* [Exercise objective]
Give the data again exactly, from its opening line through the line in which "to the canonical" appears.

* [Material shown]
━━━━━━━━━━━━━━━━━━━━

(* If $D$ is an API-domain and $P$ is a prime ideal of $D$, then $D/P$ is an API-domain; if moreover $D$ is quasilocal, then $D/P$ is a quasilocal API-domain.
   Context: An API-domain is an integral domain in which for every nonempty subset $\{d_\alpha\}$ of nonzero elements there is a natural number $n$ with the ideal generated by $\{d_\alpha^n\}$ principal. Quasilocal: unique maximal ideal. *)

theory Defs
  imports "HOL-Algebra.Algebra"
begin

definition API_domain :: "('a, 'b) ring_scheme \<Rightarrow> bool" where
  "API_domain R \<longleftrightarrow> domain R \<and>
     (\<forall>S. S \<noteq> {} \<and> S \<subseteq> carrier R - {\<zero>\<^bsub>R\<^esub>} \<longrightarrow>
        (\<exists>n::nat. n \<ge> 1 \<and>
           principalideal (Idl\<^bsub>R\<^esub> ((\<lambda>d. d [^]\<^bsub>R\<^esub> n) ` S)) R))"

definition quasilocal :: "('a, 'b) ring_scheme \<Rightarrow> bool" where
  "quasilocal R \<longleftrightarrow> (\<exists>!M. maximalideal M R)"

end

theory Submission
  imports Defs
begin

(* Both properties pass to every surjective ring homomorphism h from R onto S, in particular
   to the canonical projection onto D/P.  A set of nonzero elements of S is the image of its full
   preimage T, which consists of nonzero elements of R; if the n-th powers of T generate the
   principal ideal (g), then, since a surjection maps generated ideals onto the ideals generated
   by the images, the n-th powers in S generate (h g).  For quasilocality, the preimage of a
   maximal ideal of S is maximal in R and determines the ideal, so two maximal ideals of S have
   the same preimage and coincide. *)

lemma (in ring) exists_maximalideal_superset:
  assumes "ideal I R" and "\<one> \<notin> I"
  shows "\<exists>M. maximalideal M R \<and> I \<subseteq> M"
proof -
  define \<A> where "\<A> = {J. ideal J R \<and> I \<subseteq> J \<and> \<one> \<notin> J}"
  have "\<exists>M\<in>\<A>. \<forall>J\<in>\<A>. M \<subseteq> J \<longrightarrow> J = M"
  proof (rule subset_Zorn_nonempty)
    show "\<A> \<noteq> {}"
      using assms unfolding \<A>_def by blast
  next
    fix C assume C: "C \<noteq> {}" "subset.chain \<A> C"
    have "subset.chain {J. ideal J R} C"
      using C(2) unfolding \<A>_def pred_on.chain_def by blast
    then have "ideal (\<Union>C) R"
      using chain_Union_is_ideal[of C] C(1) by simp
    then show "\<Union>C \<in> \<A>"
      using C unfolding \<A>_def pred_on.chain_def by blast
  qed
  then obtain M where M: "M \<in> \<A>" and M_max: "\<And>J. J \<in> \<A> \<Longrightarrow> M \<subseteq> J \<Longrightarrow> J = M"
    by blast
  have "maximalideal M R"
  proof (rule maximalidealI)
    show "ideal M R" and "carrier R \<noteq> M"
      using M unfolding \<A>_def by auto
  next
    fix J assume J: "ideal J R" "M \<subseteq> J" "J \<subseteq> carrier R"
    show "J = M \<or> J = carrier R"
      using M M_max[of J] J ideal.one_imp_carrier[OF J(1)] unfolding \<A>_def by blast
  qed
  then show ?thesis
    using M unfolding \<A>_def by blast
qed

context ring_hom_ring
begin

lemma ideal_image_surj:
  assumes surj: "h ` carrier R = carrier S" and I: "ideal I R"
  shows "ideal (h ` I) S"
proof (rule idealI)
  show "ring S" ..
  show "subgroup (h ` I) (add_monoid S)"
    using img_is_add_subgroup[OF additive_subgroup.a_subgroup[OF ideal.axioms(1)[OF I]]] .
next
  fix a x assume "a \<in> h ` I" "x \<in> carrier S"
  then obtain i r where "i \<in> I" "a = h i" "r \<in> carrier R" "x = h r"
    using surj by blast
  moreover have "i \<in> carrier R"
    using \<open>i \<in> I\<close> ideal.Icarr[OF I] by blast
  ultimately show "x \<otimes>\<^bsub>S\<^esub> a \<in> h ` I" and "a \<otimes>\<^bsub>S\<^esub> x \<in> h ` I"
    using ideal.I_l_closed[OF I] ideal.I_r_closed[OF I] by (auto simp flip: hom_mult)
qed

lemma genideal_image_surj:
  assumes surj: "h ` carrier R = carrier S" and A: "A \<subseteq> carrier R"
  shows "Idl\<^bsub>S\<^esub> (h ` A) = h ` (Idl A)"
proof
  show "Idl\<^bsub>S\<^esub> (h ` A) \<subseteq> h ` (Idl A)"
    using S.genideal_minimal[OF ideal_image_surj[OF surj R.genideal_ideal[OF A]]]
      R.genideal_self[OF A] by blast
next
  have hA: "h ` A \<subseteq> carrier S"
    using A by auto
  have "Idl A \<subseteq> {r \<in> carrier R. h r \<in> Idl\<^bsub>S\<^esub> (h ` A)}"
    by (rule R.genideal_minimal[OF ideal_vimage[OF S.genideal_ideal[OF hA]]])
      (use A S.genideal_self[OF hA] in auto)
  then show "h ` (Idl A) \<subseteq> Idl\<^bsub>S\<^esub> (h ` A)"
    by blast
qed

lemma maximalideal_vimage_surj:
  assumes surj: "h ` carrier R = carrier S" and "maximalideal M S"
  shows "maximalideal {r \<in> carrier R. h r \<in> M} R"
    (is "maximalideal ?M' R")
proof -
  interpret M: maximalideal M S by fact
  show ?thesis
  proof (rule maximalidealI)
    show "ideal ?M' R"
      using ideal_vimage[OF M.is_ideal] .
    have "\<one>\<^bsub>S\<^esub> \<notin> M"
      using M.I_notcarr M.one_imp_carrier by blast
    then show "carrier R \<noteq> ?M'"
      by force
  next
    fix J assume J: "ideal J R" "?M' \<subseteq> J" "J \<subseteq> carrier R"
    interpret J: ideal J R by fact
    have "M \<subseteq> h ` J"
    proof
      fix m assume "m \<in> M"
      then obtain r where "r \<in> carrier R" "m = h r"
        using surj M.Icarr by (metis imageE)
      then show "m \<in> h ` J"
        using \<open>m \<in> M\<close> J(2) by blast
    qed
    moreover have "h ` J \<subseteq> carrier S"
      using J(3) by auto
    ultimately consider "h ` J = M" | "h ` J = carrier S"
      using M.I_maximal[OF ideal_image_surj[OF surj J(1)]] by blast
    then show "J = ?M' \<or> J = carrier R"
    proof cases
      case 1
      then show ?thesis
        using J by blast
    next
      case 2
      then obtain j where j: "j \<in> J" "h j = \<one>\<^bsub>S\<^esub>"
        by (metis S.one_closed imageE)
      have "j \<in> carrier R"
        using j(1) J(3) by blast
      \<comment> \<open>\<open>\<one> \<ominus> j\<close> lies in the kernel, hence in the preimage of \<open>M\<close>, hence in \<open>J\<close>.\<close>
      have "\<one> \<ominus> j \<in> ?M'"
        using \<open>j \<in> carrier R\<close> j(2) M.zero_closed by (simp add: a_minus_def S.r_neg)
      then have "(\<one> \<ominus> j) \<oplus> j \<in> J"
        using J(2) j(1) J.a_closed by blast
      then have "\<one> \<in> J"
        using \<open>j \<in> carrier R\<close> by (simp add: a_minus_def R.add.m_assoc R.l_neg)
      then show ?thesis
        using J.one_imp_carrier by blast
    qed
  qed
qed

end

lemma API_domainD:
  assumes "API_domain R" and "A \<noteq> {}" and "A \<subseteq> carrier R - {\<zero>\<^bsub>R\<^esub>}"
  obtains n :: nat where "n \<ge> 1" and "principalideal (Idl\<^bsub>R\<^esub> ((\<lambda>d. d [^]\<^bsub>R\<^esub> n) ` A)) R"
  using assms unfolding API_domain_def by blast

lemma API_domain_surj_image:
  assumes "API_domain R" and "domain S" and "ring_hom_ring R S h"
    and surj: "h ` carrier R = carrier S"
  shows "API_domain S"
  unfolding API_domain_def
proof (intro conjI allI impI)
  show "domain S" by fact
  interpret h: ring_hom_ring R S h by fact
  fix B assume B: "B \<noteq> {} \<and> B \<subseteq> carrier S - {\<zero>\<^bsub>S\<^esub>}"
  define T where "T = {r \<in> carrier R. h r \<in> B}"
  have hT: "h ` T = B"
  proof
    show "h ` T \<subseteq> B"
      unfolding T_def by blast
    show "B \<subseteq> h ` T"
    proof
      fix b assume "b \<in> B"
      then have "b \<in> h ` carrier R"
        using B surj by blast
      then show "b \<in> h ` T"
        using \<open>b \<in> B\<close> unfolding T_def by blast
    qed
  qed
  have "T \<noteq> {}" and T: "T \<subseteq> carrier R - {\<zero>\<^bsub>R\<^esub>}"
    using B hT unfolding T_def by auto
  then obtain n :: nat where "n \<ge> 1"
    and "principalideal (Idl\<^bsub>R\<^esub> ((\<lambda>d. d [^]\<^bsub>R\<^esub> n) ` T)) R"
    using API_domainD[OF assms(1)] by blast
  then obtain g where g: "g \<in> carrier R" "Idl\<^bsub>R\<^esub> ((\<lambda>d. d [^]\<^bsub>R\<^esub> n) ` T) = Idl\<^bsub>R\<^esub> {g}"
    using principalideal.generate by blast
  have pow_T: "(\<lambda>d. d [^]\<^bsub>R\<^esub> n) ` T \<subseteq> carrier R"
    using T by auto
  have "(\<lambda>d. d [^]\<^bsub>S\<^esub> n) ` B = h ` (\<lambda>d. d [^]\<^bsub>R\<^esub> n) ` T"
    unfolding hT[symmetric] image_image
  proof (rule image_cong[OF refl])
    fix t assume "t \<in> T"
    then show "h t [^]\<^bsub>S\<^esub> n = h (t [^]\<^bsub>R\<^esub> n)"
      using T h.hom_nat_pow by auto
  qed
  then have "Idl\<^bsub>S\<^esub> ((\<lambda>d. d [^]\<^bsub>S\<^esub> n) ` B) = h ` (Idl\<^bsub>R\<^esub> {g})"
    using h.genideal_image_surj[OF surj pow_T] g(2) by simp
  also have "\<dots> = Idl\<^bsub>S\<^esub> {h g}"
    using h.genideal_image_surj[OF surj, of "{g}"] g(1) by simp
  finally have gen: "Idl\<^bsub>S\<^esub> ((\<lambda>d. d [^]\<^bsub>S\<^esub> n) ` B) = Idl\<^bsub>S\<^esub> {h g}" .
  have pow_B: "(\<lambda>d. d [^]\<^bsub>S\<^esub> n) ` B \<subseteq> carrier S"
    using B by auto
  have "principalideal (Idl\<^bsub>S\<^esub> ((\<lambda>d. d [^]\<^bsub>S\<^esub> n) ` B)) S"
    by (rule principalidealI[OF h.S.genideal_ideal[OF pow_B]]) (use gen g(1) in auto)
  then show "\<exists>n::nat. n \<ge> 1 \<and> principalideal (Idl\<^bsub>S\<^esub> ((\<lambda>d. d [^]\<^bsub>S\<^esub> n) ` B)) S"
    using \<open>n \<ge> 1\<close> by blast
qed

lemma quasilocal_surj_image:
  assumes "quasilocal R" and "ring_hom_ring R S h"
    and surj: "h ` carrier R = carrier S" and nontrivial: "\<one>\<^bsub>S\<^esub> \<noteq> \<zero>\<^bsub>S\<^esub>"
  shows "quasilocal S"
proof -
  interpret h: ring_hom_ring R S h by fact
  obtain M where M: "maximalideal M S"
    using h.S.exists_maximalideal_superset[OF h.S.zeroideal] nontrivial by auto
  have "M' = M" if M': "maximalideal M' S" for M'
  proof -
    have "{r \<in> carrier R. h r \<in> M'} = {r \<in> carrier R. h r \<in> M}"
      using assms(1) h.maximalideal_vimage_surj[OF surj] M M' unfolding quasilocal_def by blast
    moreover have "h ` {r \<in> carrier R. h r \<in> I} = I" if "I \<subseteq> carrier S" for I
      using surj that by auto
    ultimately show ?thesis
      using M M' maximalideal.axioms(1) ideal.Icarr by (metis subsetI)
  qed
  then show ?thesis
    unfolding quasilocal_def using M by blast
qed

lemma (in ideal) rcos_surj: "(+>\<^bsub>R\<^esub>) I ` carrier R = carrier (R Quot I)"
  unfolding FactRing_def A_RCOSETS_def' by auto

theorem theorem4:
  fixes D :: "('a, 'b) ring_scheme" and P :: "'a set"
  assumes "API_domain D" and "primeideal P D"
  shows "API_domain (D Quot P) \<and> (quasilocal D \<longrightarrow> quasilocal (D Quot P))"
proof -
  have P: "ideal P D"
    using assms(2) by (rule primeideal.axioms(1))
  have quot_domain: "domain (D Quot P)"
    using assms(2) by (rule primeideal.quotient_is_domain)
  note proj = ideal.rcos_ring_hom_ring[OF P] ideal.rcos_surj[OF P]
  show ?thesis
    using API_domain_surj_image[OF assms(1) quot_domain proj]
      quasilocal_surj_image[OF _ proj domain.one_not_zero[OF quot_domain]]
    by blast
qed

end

━━━━━━━━━━━━━━━━━━━━

* [Reply]
(* If $D$ is an API-domain and $P$ is a prime ideal of $D$, then $D/P$ is an API-domain; if moreover $D$ is quasilocal, then $D/P$ is a quasilocal API-domain.
   Context: An API-domain is an integral domain in which for every nonempty subset $\{d_\alpha\}$ of nonzero elements there is a natural number $n$ with the ideal generated by $\{d_\alpha^n\}$ principal. Quasilocal: unique maximal ideal. *)

theory Defs
  imports "HOL-Algebra.Algebra"
begin

definition API_domain :: "('a, 'b) ring_scheme \<Rightarrow> bool" where
  "API_domain R \<longleftrightarrow> domain R \<and>
     (\<forall>S. S \<noteq> {} \<and> S \<subseteq> carrier R - {\<zero>\<^bsub>R\<^esub>} \<longrightarrow>
        (\<exists>n::nat. n \<ge> 1 \<and>
           principalideal (Idl\<^bsub>R\<^esub> ((\<lambda>d. d [^]\<^bsub>R\<^esub> n) ` S)) R))"

definition quasilocal :: "('a, 'b) ring_scheme \<Rightarrow> bool" where
  "quasilocal R \<longleftrightarrow> (\<exists>!M. maximalideal M R)"

end

theory Submission
  imports Defs
begin

(* Both properties pass to every surjective ring homomorphism h from R onto S, in particular
   to the canonical projection onto D/P.  A set of nonzero elements of S is the image of its full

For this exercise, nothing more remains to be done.